For the data that follows, report how many lines contain the word "blowup", and nothing else.

__________

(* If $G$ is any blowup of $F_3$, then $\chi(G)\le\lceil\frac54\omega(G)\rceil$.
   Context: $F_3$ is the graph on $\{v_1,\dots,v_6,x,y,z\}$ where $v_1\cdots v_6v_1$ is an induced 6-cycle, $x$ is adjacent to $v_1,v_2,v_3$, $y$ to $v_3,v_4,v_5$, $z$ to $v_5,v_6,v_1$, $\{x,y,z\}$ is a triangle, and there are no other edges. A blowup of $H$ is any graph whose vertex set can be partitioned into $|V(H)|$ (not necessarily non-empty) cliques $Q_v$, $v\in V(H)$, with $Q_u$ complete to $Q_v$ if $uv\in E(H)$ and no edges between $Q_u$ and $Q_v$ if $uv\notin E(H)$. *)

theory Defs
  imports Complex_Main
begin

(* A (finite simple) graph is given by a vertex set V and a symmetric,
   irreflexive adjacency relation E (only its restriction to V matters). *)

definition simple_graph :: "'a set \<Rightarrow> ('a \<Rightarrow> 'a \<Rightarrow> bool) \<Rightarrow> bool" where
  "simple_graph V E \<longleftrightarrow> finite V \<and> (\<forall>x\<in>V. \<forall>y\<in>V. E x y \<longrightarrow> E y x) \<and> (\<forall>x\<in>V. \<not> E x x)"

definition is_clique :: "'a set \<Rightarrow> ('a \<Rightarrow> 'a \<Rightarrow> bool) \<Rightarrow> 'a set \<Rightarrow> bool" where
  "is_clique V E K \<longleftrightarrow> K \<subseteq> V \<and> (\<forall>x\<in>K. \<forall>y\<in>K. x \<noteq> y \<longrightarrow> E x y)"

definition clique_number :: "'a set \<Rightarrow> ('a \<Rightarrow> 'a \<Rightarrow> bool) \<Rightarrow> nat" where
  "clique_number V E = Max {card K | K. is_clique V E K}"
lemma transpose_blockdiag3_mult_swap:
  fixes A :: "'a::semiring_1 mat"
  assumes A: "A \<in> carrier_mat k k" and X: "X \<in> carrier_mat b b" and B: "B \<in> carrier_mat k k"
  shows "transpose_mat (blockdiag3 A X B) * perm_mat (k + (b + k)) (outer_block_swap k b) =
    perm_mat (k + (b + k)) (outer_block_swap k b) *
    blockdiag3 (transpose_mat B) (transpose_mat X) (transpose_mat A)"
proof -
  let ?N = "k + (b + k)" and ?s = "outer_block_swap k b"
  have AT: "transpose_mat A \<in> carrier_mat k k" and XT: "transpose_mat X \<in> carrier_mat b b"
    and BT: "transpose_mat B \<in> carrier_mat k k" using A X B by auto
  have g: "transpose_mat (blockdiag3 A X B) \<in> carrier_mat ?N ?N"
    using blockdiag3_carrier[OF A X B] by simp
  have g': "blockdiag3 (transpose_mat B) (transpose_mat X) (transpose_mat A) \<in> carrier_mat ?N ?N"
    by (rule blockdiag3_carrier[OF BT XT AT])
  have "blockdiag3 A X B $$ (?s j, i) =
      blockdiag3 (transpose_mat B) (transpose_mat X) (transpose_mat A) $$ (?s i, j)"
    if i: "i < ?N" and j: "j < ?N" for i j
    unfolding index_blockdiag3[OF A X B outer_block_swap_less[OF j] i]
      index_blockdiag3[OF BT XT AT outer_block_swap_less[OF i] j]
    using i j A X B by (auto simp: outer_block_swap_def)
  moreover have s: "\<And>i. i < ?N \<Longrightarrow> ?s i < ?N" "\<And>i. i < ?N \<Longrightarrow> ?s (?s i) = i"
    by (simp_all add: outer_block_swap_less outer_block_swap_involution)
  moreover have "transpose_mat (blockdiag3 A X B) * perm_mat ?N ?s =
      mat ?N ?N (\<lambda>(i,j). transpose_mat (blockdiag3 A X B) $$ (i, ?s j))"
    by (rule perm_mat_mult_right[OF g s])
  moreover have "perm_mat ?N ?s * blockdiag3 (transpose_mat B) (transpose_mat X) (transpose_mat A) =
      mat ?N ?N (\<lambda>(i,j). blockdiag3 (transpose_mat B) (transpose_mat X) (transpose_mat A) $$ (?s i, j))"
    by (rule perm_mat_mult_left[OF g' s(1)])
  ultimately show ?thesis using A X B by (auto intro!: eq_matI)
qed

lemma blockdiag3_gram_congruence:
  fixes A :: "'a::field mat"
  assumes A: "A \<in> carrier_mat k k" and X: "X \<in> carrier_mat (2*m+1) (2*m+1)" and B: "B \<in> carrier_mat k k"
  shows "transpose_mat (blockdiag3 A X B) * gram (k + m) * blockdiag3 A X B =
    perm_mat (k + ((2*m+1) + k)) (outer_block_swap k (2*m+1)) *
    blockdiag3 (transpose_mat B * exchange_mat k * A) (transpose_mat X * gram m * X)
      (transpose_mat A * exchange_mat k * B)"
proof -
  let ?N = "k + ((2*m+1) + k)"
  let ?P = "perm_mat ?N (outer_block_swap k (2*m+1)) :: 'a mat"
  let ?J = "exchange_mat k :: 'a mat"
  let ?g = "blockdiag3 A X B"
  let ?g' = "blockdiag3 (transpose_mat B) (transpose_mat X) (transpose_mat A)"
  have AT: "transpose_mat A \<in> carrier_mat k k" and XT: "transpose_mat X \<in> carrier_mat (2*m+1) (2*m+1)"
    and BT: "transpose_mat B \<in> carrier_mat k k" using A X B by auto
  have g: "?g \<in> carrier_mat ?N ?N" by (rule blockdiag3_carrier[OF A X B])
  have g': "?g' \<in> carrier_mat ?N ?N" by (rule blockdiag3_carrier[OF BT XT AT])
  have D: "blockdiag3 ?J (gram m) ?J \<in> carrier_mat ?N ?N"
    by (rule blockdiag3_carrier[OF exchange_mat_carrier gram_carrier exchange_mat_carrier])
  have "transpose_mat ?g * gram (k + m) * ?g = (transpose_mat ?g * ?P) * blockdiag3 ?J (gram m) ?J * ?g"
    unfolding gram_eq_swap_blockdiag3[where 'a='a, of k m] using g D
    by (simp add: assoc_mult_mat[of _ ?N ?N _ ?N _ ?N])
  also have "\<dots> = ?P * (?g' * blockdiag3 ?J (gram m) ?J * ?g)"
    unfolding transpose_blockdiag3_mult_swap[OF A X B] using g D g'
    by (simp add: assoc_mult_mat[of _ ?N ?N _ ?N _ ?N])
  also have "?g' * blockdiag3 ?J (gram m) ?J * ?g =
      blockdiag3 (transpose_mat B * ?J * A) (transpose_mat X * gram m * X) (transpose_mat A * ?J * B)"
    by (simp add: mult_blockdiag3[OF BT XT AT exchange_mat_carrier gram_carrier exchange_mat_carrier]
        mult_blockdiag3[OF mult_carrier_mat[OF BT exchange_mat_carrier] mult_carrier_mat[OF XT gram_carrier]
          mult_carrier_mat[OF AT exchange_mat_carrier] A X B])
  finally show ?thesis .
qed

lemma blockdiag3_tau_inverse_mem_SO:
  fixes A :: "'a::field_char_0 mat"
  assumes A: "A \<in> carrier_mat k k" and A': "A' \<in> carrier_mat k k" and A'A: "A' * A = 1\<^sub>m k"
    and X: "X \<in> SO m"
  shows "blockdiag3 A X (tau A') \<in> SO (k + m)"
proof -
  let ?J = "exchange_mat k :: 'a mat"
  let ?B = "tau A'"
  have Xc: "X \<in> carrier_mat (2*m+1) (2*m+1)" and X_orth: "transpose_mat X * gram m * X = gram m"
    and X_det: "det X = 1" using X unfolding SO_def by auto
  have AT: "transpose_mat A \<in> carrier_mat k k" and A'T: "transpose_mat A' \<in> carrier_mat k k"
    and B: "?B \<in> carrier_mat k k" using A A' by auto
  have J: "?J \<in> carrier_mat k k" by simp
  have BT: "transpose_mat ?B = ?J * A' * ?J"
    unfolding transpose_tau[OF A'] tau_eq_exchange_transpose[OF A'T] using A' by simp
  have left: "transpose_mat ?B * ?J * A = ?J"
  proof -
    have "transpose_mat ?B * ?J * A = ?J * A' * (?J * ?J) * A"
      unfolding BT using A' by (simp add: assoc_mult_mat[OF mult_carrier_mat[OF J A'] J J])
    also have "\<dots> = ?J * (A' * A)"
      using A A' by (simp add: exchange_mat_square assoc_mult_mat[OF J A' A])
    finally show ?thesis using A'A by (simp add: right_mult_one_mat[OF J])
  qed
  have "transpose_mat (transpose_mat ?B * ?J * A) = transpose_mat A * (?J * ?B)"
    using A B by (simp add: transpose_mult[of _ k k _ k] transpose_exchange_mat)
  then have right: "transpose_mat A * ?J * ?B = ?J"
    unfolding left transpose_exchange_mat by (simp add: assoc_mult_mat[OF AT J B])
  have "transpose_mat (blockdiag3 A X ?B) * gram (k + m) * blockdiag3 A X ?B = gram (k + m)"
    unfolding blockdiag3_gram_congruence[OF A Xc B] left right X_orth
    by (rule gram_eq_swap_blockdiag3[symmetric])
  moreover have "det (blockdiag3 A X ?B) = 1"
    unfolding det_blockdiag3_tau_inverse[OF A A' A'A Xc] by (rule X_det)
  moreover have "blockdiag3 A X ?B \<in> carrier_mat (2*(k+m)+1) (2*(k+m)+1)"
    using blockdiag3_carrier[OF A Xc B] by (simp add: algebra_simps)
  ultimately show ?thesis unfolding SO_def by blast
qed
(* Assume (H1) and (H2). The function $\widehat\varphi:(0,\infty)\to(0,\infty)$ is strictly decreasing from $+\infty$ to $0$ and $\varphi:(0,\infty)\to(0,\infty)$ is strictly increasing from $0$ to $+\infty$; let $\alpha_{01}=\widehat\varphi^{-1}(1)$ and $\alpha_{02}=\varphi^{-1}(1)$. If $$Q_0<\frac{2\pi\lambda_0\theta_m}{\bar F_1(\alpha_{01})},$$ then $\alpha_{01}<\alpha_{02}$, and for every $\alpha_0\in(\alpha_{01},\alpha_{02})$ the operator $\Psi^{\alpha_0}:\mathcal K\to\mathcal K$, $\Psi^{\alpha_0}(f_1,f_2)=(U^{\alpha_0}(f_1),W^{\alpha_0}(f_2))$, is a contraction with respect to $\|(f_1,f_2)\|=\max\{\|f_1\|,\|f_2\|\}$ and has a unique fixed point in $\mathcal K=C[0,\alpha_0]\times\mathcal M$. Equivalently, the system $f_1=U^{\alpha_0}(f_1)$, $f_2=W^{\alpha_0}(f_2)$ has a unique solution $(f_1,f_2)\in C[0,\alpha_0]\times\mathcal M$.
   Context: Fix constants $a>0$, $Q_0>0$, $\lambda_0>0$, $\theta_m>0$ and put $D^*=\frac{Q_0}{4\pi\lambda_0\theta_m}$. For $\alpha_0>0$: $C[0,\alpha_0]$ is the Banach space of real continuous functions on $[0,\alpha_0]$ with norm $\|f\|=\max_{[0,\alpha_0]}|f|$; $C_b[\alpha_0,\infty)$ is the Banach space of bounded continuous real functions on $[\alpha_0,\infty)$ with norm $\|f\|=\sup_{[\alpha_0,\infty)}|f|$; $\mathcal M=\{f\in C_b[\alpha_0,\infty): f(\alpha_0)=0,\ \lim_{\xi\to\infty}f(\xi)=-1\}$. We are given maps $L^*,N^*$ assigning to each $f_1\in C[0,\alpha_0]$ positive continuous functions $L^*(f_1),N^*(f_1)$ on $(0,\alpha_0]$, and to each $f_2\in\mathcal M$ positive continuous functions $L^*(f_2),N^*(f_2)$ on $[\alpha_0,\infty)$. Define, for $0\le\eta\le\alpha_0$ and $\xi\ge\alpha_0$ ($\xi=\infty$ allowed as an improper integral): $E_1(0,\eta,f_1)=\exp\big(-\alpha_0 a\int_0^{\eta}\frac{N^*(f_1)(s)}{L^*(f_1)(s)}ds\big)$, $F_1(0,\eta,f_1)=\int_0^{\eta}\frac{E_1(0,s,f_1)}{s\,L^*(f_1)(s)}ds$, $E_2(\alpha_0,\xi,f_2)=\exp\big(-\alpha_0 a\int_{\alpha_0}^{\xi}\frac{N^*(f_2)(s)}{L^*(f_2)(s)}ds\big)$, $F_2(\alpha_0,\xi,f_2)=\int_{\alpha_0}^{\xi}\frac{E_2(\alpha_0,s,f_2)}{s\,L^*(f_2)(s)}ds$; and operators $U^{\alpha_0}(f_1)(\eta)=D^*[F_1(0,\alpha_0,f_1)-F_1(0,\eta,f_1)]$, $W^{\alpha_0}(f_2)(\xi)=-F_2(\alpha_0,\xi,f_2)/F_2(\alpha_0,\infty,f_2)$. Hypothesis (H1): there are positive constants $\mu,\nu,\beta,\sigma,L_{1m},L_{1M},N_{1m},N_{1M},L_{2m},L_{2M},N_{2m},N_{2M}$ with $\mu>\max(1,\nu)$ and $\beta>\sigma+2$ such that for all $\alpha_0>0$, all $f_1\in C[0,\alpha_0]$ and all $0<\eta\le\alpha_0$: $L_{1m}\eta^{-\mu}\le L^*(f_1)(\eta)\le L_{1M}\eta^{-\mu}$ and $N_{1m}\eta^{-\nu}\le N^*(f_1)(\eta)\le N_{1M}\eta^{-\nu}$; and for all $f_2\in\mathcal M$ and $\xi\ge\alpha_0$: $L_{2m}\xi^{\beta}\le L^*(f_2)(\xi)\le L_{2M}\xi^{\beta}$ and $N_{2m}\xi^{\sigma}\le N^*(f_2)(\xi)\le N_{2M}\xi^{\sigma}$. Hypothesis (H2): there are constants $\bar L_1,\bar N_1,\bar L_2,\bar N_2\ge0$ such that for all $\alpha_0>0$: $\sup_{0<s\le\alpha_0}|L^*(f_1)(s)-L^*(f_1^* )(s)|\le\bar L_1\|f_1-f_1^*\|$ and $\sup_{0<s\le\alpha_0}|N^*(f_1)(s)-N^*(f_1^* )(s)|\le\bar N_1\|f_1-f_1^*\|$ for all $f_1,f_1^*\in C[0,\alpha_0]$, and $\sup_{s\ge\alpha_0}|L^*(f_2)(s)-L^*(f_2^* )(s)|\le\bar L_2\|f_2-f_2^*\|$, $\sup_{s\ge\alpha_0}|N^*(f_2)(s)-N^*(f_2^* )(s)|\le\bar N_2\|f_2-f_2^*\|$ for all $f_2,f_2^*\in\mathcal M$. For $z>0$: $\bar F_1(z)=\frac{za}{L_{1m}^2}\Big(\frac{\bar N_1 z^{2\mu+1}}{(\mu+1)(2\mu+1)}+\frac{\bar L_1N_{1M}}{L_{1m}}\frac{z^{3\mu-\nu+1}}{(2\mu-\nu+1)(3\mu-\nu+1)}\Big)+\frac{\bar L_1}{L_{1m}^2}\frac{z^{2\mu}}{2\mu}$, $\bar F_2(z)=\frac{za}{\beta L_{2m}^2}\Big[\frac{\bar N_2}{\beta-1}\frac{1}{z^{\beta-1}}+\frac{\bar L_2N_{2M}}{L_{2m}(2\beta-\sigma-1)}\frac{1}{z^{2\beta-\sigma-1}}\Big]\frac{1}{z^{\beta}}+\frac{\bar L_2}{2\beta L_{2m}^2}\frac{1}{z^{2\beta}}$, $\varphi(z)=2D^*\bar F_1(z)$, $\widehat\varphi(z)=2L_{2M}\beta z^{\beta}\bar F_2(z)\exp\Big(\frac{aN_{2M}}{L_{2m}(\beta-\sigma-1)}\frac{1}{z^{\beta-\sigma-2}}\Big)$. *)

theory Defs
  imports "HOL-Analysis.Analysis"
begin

__________

** Answer for this exercise **
2